Contexte du délit : glissée en toute décontraction lors d’un entretien d’embauche entre les fameux « Parlez-moi de vous » et « Où vous voyez-vous dans 10 ans ? »
Traduction : ma bonne dame, un process de recrutement c’est du temps et de l’argent qu’on ne souhaite pas investir aujourd’hui, pour te trouver un·e remplaçant·e dans les 5 ans qui viennent. Ta vie perso ? Mais, quelle vie perso ?
Pourquoi c’est grave : parce que c’est déjà pénible de la part de sa belle-mère chaque dimanche midi, mais dans le cadre d’un entretien professionnel c’est tout bonnement illégal : un·e recruteur·euse n’est pas en droit de demander à une candidate une information sur sa vie privée en vue d’évaluer ses capacités à occuper un poste.
Résolution : on garde ses questions indiscrètes pour son prochain crush et on s’en tient à la description des conditions inhérentes au poste (horaires atypiques, déplacements, etc.), en laissant le soin à la candidate d’évaluer sa compatibilité avec sa vie personnelle. Et on n’oublie pas de se demander si se priver du vivier conséquent de talents composé des femmes désirant un ou plusieurs enfant(s) est vraiment un bon calcul…
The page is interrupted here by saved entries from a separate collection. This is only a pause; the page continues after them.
(* Let $k\ge 2$ and let $x_1, x_2, \ldots, x_{c}$ be the Nyldon factorization of $\mathit{TM}_{2k-1}$ (so $c$ is its number of factors). Then the Nyldon factorization of $\mathit{TM}_{2k}$ is $$x_1,\ \ldots,\ x_{c-1},\ x_{c}\cdot\overline{\mathit{TM}_{2k-2}}',\ b\cdot \mathit{TM}_{2k-2},$$ and the Nyldon factorization of $\mathit{TM}_{2k+1}$ is $$x_1,\ \ldots,\ x_{c-1},\ x_{c}\cdot\overline{\mathit{TM}_{2k-2}}',\ b\cdot \mathit{TM}_{2k-2}\cdot\overline{\mathit{TM}_{2k}}.$$ (For instance, the Nyldon factorization of $\mathit{TM}_3$ is $a,b,ba,baab$.)
   Context: Strings are over the binary alphabet $\{a,b\}$ ordered by $a \prec b$, and $\prec$ also denotes the induced lexicographic order on strings: $x \prec y$ iff $x$ is a proper prefix of $y$, or there is $i$ with $x[1..i-1]=y[1..i-1]$ and $x[i]\prec y[i]$; $x\preceq y$ means $x\prec y$ or $x=y$. Nyldon words are defined recursively: every string of length $1$ is a Nyldon word; a string $w$ with $|w|\ge 2$ is a Nyldon word iff there is no factorization $w=\gamma_1\cdots\gamma_m$ with $m\ge 2$, each $\gamma_i$ a nonempty Nyldon word, and $\gamma_1\preceq\gamma_2\preceq\cdots\preceq\gamma_m$. Every nonempty string $w$ has a unique factorization $w=\gamma_1\cdots\gamma_m$ into Nyldon words with $\gamma_i\preceq\gamma_{i+1}$ for all $i$; it is called the Nyldon factorization of $w$. For a binary string $w$, $\overline{w}$ is obtained by exchanging $a$ and $b$ letterwise, and $w'=w[1..|w|-1]$ is $w$ with its last letter removed; $\overline{w}'$ means $(\overline{w})'$. Thue–Morse words: $\mathit{TM}_0=a$ and $\mathit{TM}_k=\mathit{TM}_{k-1}\cdot\overline{\mathit{TM}_{k-1}}$ for $k\ge1$. *)

theory Defs
  imports Main
begin

datatype letter = a | b

fun flip :: "letter \<Rightarrow> letter" where
  "flip a = b" | "flip b = a"

definition compl :: "letter list \<Rightarrow> letter list" where
  "compl w = map flip w"

definition lex_less :: "letter list \<Rightarrow> letter list \<Rightarrow> bool" where
  "lex_less x y \<longleftrightarrow>
     (\<exists>u. u \<noteq> [] \<and> y = x @ u) \<or>
     (\<exists>p s t. x = p @ [a] @ s \<and> y = p @ [b] @ t)"

definition lex_le :: "letter list \<Rightarrow> letter list \<Rightarrow> bool" where
  "lex_le x y \<longleftrightarrow> lex_less x y \<or> x = y"

text \<open>Nyldon words of length at most n, defined by recursion on n
  (all factors of a factorization with at least 2 nonempty factors are shorter).\<close>
fun nyl_upto :: "nat \<Rightarrow> letter list set" where
  "nyl_upto 0 = {}"
| "nyl_upto (Suc n) = nyl_upto n \<union>
     {w. length w = Suc n \<and>
         (length w = 1 \<or>
          \<not> (\<exists>fs. length fs \<ge> 2 \<and> concat fs = w \<and>
                  (\<forall>g\<in>set fs. g \<noteq> [] \<and> g \<in> nyl_upto n) \<and>
                  successively lex_le fs))}"

definition nyldon :: "letter list \<Rightarrow> bool" where
  "nyldon w \<longleftrightarrow> w \<in> nyl_upto (length w)"

definition is_nyldon_fact :: "letter list \<Rightarrow> letter list list \<Rightarrow> bool" where
  "is_nyldon_fact w fs \<longleftrightarrow>
     concat fs = w \<and> (\<forall>g\<in>set fs. g \<noteq> [] \<and> nyldon g) \<and> successively lex_le fs"

fun TM :: "nat \<Rightarrow> letter list" where
  "TM 0 = [a]"
| "TM (Suc n) = TM n @ compl (TM n)"

end

theory Submission
  imports Defs
begin

text \<open>In a nondecreasing factorization of a word into Nyldon words, every Nyldon suffix of
  the word is a suffix of the last factor; this rests on the fact that a proper Nyldon suffix
  of a Nyldon word is lexicographically smaller than the word, and it yields uniqueness of the
  factorization.  Nyldon words are then built by the criterion: if \<open>u > v\<close> are Nyldon and
  the right factor of the standard factorization of \<open>u\<close> is at most \<open>v\<close>, then \<open>uv\<close> is
  Nyldon with right factor \<open>v\<close>.

  Let \<open>t = TM(2i)\<close>, let \<open>c\<close> be its complement and \<open>c = c' b\<close>.  Then
  \<open>TM(2i+2) = t c c' \<cdot> b t\<close> and \<open>TM(2i+3) = t c c' \<cdot> b t c t t c\<close>, where \<open>t c c'\<close> factors
  as \<open>a, b, ba, F(1), ..., F(i)\<close> with \<open>F(j+1) = b t c t t c c t t c'\<close> for \<open>j \<ge> 1\<close> (with \<open>t, c, c'\<close>
  taken at \<open>j\<close>).  That these are nondecreasing Nyldon factorizations follows by induction on \<open>i\<close>,
  applying the criterion to a family of words of the shape \<open>b t ...\<close> over \<open>t, c, c'\<close>.
  Uniqueness then identifies the given factorization of \<open>TM(2k-1)\<close> with this one.\<close>

section \<open>Lexicographic order\<close>

lemma lex_less_iff_lexord: "lex_less x y \<longleftrightarrow> (x, y) \<in> lexord {(a, b)}"
  unfolding lex_less_def lexord_def by (auto simp: neq_Nil_conv)

lemma lex_less_Nil_left [simp]: "lex_less [] y \<longleftrightarrow> y \<noteq> []"
  by (simp add: lex_less_iff_lexord neq_Nil_conv)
« Tu peux nous faire un café stp ? »

Contexte du délit : lâchée le plus souvent avec un clin d’œil entendu, avant de chercher la personne adéquate pour rédiger le compte rendu de la réunion. À tien, c’est encore elle ?
Traduction : on préfère réfléchir et agir entre nous, mais puisque tu es là autant te trouver quelque chose à faire non ?
Pourquoi c’est grave : demander à une femme de préparer un café comme s’il était « normal » qu’elle réalise cette tâche dans le cadre de ses prérogatives, ou qu’elle est « la mieux placée » pour rendre ce service, compte parmi les comportements excluants caractéristiques du sexisme au travail. Entendons-nous bien : c’est anormal, irrespectueux et rabaissant.
Résolution : 9 femmes sur 10 considèrent qu’il est plus facile de « faire carrière » pour un homme. Il est donc urgent d’inverser la tendance et de faire prendre conscience à tou·te·s que l’égalité hommes/femmes n’est pas qu’un beau principe, mais un droit. Pour affirmer vos convictions sur ce sujet en tant que décisionnaire, il est utile de faire figurer dans votre règlement intérieur une disposition relative aux comportements à adopter entre hommes et femmes, tout en promouvant une politique incitant à la vigilance sur le lieu de travail en matière de propos et de comportements sexistes.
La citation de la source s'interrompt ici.